Live

Maze Viz is a series of visualizations built using JavaScript and HTML5 Canvas that showcases different maze generating algorithms and maze solving algorithms.

The core behind Maze Viz is the maze components, specifically the Maze class and the Cell class. The Maze class contains the grid itself, which is a 2D array containing all of the grids cells. The Cell class keeps track of its state for the different generators/solvers as well as information regarding its position in the maze. To render it on the screen, the Cell class will render as a different color depending on its state, (transparent if not created, white if created, etc.)

For each of the maze-generators, the basic functionality is that they take in a Maze and until every has been added to the maze(i.e. cell.created === true), they run their algorithm.

For my implementation of a random-step generator, the algorithm takes the upper-left cell and adds it to the maze. Each of the neighboring cells of the starting point is added to a frontier array. Then, until all cells have been added to the maze:

1. Select a random cell from the frontier.
2. Add that cell to the maze, connecting it to a random neighboring cell already in the maze.
3. Add the random cells neighbors (not already in the maze) and add it to the frontier.

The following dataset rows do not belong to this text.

(* Let $V$ be a set of variables and $\mathcal{R}=\{r_1,\ldots,r_m\}$ be a set of transition rules on $V$. Then $s \xrightarrow{r_i} s'$ iff the sequent $\llbracket r_1\rrbracket @ 0,\ldots,\llbracket r_m\rrbracket @ 0;\ \llbracket s\rrbracket @ w \vdash \delta_1\llbracket s'\rrbracket @ w$ is provable in HyLL.
   Context: HyLL is hybrid (intuitionistic) linear logic with sequents $\Gamma;\Delta\vdash C@w$ ($\Gamma$ unbounded context, $\Delta$ linear context) and hybrid connectives $A\ \mathsf{at}\ u$ and $\downarrow u.A$; worlds here form the monoid $\langle\mathbb{N},+,0\rangle$ (written $u.v$ for composition). A state $s$ over $V=\{a_1,\ldots,a_n\}$ is a conjunction $p_1(a_1)\wedge\cdots\wedge p_n(a_n)$ with each $p_i$ either present or absent; a transition rule $r:s\to s'$ enables the transition $s\xrightarrow{r}s'$. Encoding into HyLL: $\llbracket p_i(a_i)\rrbracket = p_i(a_i)$ (an atom), $\llbracket s\rrbracket=\bigotimes_{i\in 1..n}\llbracket p_i(a_i)\rrbracket$, $\llbracket r: s\to s'\rrbracket = \forall w.\big((\llbracket s\rrbracket\ \mathsf{at}\ w)\multimap \delta_1(\llbracket s'\rrbracket)\ \mathsf{at}\ w\big)$, where the delay connective is $\delta_v A = \downarrow u.(A\ \mathsf{at}\ u.v)$. *)

theory Defs
  imports "HOL-Library.Multiset"
begin

text \<open>Worlds are elements of the monoid (nat, +, 0).  To support eigenvariables of the
world quantifier, judgement worlds are elements of the free commutative extension
nat x (multisets of world parameters); closed concrete worlds are (n, empty).\<close>

type_synonym world = "nat \<times> nat multiset"

definition wdot :: "world \<Rightarrow> world \<Rightarrow> world" where
  "wdot u v = (fst u + fst v, snd u + snd v)"

definition wnat :: "nat \<Rightarrow> world" where
  "wnat n = (n, {#})"

definition wparam :: "nat \<Rightarrow> world" where
  "wparam a = (0, {#a#})"

text \<open>World terms occurring inside formulas (de Bruijn bound variables).\<close>
datatype wt = WW world | WB nat | WDot wt wt

fun weval :: "wt \<Rightarrow> world" where
  "weval (WW x) = x"
| "weval (WB _) = wnat 0"
| "weval (WDot s t) = wdot (weval s) (weval t)"

fun wsubst :: "nat \<Rightarrow> world \<Rightarrow> wt \<Rightarrow> wt" where
  "wsubst k x (WW y) = WW y"
| "wsubst k x (WB j) = (if j = k then WW x else if k < j then WB (j - 1) else WB j)"
| "wsubst k x (WDot s t) = WDot (wsubst k x s) (wsubst k x t)"

fun wtparams :: "wt \<Rightarrow> nat set" where
  "wtparams (WW y) = set_mset (snd y)"
| "wtparams (WB _) = {}"
| "wtparams (WDot s t) = wtparams s \<union> wtparams t"

datatype 'a form =
    Atom 'a
  | Tens "'a form" "'a form"
  | One
  | Lolli "'a form" "'a form"
  | With "'a form" "'a form"
  | Top
  | Plus "'a form" "'a form"
  | Zero
  | Bang "'a form"
  | At "'a form" wt
  | Down "'a form"           \<comment> \<open>down u. A, u = bound variable 0\<close>
  | AllW "'a form"           \<comment> \<open>forall over worlds, bound variable 0\<close>
  | ExW "'a form"            \<comment> \<open>exists over worlds, bound variable 0\<close>

fun fsubst :: "nat \<Rightarrow> world \<Rightarrow> 'a form \<Rightarrow> 'a form" where
  "fsubst k x (Atom p) = Atom p"
| "fsubst k x (Tens A B) = Tens (fsubst k x A) (fsubst k x B)"
| "fsubst k x One = One"
| "fsubst k x (Lolli A B) = Lolli (fsubst k x A) (fsubst k x B)"
| "fsubst k x (With A B) = With (fsubst k x A) (fsubst k x B)"
| "fsubst k x Top = Top"
| "fsubst k x (Plus A B) = Plus (fsubst k x A) (fsubst k x B)"
| "fsubst k x Zero = Zero"
| "fsubst k x (Bang A) = Bang (fsubst k x A)"
| "fsubst k x (At A t) = At (fsubst k x A) (wsubst k x t)"
| "fsubst k x (Down A) = Down (fsubst (Suc k) x A)"
| "fsubst k x (AllW A) = AllW (fsubst (Suc k) x A)"
| "fsubst k x (ExW A) = ExW (fsubst (Suc k) x A)"

fun fparams :: "'a form \<Rightarrow> nat set" where
  "fparams (Atom p) = {}"
| "fparams (Tens A B) = fparams A \<union> fparams B"
| "fparams One = {}"
| "fparams (Lolli A B) = fparams A \<union> fparams B"
| "fparams (With A B) = fparams A \<union> fparams B"
| "fparams Top = {}"
| "fparams (Plus A B) = fparams A \<union> fparams B"
| "fparams Zero = {}"
| "fparams (Bang A) = fparams A"
| "fparams (At A t) = fparams A \<union> wtparams t"
| "fparams (Down A) = fparams A"
| "fparams (AllW A) = fparams A"
| "fparams (ExW A) = fparams A"

definition jparams :: "'a form \<times> world \<Rightarrow> nat set" where
  "jparams j = fparams (fst j) \<union> set_mset (snd (snd j))"

definition ctx_params :: "('a form \<times> world) set \<Rightarrow> ('a form \<times> world) multiset \<Rightarrow> nat set" where
  "ctx_params G D = (\<Union>j\<in>G. jparams j) \<union> (\<Union>j\<in>set_mset D. jparams j)"

section \<open>HyLL sequent calculus:  hyll G D C w  means  G ; D |- C @ w\<close>

inductive hyll :: "('a form \<times> world) set \<Rightarrow> ('a form \<times> world) multiset \<Rightarrow> 'a form \<Rightarrow> world \<Rightarrow> bool" where
  init: "hyll G {#(Atom p, w)#} (Atom p) w"
| copy: "(A, u) \<in> G \<Longrightarrow> hyll G (D + {#(A, u)#}) C w \<Longrightarrow> hyll G D C w"
| tensR: "hyll G D1 A w \<Longrightarrow> hyll G D2 B w \<Longrightarrow> hyll G (D1 + D2) (Tens A B) w"
| tensL: "hyll G (D + {#(A, u), (B, u)#}) C w \<Longrightarrow> hyll G (D + {#(Tens A B, u)#}) C w"
| oneR: "hyll G {#} One w"
| oneL: "hyll G D C w \<Longrightarrow> hyll G (D + {#(One, u)#}) C w"
| lolliR: "hyll G (D + {#(A, w)#}) B w \<Longrightarrow> hyll G D (Lolli A B) w"
| lolliL: "hyll G D1 A u \<Longrightarrow> hyll G (D2 + {#(B, u)#}) C w \<Longrightarrow>
           hyll G (D1 + D2 + {#(Lolli A B, u)#}) C w"
| withR: "hyll G D A w \<Longrightarrow> hyll G D B w \<Longrightarrow> hyll G D (With A B) w"
| withL1: "hyll G (D + {#(A, u)#}) C w \<Longrightarrow> hyll G (D + {#(With A B, u)#}) C w"
| withL2: "hyll G (D + {#(B, u)#}) C w \<Longrightarrow> hyll G (D + {#(With A B, u)#}) C w"
| topR: "hyll G D Top w"
| plusR1: "hyll G D A w \<Longrightarrow> hyll G D (Plus A B) w"
| plusR2: "hyll G D B w \<Longrightarrow> hyll G D (Plus A B) w"
| plusL: "hyll G (D + {#(A, u)#}) C w \<Longrightarrow> hyll G (D + {#(B, u)#}) C w \<Longrightarrow>
          hyll G (D + {#(Plus A B, u)#}) C w"
| zeroL: "hyll G (D + {#(Zero, u)#}) C w"
| bangR: "hyll G {#} A w \<Longrightarrow> hyll G {#} (Bang A) w"
| bangL: "hyll (insert (A, u) G) D C w \<Longrightarrow> hyll G (D + {#(Bang A, u)#}) C w"
| atR: "hyll G D A (weval t) \<Longrightarrow> hyll G D (At A t) w"
| atL: "hyll G (D + {#(A, weval t)#}) C w \<Longrightarrow> hyll G (D + {#(At A t, u)#}) C w"
| downR: "hyll G D (fsubst 0 w A) w \<Longrightarrow> hyll G D (Down A) w"
| downL: "hyll G (D + {#(fsubst 0 u A, u)#}) C w \<Longrightarrow> hyll G (D + {#(Down A, u)#}) C w"
| allR: "a \<notin> ctx_params G D \<union> fparams A \<union> set_mset (snd w) \<Longrightarrow>
         hyll G D (fsubst 0 (wparam a) A) w \<Longrightarrow> hyll G D (AllW A) w"
| allL: "hyll G (D + {#(fsubst 0 x A, u)#}) C w \<Longrightarrow> hyll G (D + {#(AllW A, u)#}) C w"
| exR: "hyll G D (fsubst 0 x A) w \<Longrightarrow> hyll G D (ExW A) w"
| exL: "a \<notin> ctx_params G D \<union> fparams A \<union> fparams C \<union> set_mset (snd w) \<union> set_mset (snd u) \<Longrightarrow>
        hyll G (D + {#(fsubst 0 (wparam a) A, u)#}) C w \<Longrightarrow> hyll G (D + {#(ExW A, u)#}) C w"

text \<open>A state over the variable list V assigns to each variable a value:
True = present, False = absent.  The atom p_i(a_i) is Atom (a_i, value).\<close>

type_synonym 'v state = "'v \<Rightarrow> bool"
type_synonym 'v trule = "'v state \<times> 'v state"

definition enables :: "'v list \<Rightarrow> 'v trule \<Rightarrow> 'v state \<Rightarrow> 'v state \<Rightarrow> bool" where
  "enables V r s s' \<longleftrightarrow> (\<forall>a\<in>set V. s a = fst r a \<and> s' a = snd r a)"

fun tens_list :: "'a form list \<Rightarrow> 'a form" where
  "tens_list [] = One"
| "tens_list [A] = A"
| "tens_list (A # B # As) = Tens A (tens_list (B # As))"

definition enc_state :: "'v list \<Rightarrow> 'v state \<Rightarrow> ('v \<times> bool) form" where
  "enc_state V s = tens_list (map (\<lambda>a. Atom (a, s a)) V)"

text \<open>delta_v A = down u. (A at u.v), for closed A.\<close>
definition delta :: "nat \<Rightarrow> 'a form \<Rightarrow> 'a form" where
  "delta v A = Down (At A (WDot (WB 0) (WW (wnat v))))"

definition enc_rule :: "'v list \<Rightarrow> 'v trule \<Rightarrow> ('v \<times> bool) form" where
  "enc_rule V r = AllW (Lolli (At (enc_state V (fst r)) (WB 0))
                              (At (delta 1 (enc_state V (snd r))) (WB 0)))"

definition rule_ctx :: "'v list \<Rightarrow> 'v trule list \<Rightarrow> (('v \<times> bool) form \<times> world) set" where
  "rule_ctx V R = (\<lambda>r. (enc_rule V r, wnat 0)) ` set R"

end

(*
  Soundness is shown in a resource semantics: relative to a reduction relation on multisets of
  located facts (p, w), a formula at world w denotes the multisets that reduce to a realizer of it.
  Taking as reduction the firing of transition rules, where a rule consumes its pre-state at some
  world x and produces its post-state at x.1, every encoded rule is valid.  Hence provability of
  the sequent makes the located facts of s at w reduce to those of s' at w.1; as each firing
  advances the world by exactly one, exactly one rule fired, so s --r--> s'.
  Conversely, the sequent is derived by copying the rule, instantiating its world quantifier
  at w and closing both premises of the implication by identity.
*)

theory Submission
  imports Defs
begin

type_synonym 'a fact = "'a \<times> world"

lemma size_fsubst [simp]: "size (fsubst k x A) = size A"
  by (induction A arbitrary: k) auto

fun is_goal :: "'a form \<Rightarrow> bool" where
  "is_goal (Atom p) = True"
| "is_goal (Tens A B) = (is_goal A \<and> is_goal B)"
| "is_goal One = True"
| "is_goal (Down A) = is_goal A"
| "is_goal (At A t) = is_goal A"
| "is_goal _ = False"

Neighbors to each cell are found taking the deltas for North, South, East and West and finding which cell is located at each of those positions.

// cell.js
...
const DIRS = {
  'N': [-1,0],
  'E': [0,1],
  'S': [1,0],
  'W': [0,-1],
}

neighbors(){
  const neighbors = [];
  Object.keys(DIRS).forEach( dir =>{
    let neighborPos = [this.pos[0] +  DIRS[dir][0], this.pos[1] + DIRS[dir][1]]
    if (this._isInvalidPosition(neighborPos)) return;

    let neighbor = this.maze.getCell(neighborPos);
    neighbors.push(neighbor)
  });

  return neighbors
}
...

One of the challenges I faced with both maze generation and solving is animating the process. The algorithm is actually ran almost instantly which made it difficult to animate cleanly. To fix this, generator and solver algorithms utilize a setTimeout function with a 0ms delay. This allows each of the algorithm calculations to be added to the queue and performed one by one, which offers enough delay to be able to show a smooth animation of each action.

Similar to maze-generation, each solver is ran until either all cells have been visited (i.e cell.visited === true), or the ending has been found (currentCell === maze.end)

Breadth-first search involves exploring the maze each possible moves from the start. For each of those possible moves, all possible moves are explored. This process is repeated until the maze is solved.

Depth-first search will explore the maze by exploring each path as far as it will go. If it reaches a point where it cannot traverse any further, the algorithm will explore the most recent possible branch until the maze is solved.

For my implementation of the A* algorithm, each cell in the mazes frontier is assigned a distance based on how far it is away from the ending cell (using the Manhattan distance heuristic). The algorithm then picks cell with the lowest distance and adds its neighbors to the frontier. The A* is different than both the breadth-first search and depth-first search because of how it uses the knowledge of where the end point is to guide its decision-making.

// aStar-solver.js
...
getBestCell(){
  let closestCell = null;
  let distance = 10000;
  this.frontier.forEach( cell => {
    if (cell.distance < distance) {
      closestCell = cell
      distance = cell.distance
    }
  });

  // Remove cell from the frontier and return it
  this.frontier.splice(this.frontier.indexOf(closestCell), 1)
  return closestCell
}
...

The strength of the A* search is very evident using the Matrix or grid style maze where due to the openness of the maze, the algorithm will always travel directly (or as close to directly as it can) to the end.

To help more clearly show the inner workings of each of the processes, cells are rendered in a different color based on its state.

• When the cell is marked as the currentCell, it is rendered red to help the user follow along with the algorithm.
• During solving, the cells are are rendered along a gradient from green to pink, showing how far along they are in the process. This is achieved using a reference to which iteration of the algorithm each cell is being processed at and using that number to calculate an RGB value.

// cell.js
render(){
  ...
  if (this.visited) {
    const r = Math.floor(this.i * 0.14)
    const g = 240 - Math.floor(this.i * 0.439)
    const b =  Math.floor(this.i * 0.439)
    this.ctx.fillStyle = `rgb(${r},${g},${b})`
  }
  ...
}

• After finding the end point, the cells along the path are rendered yellow and traced back to the starting point.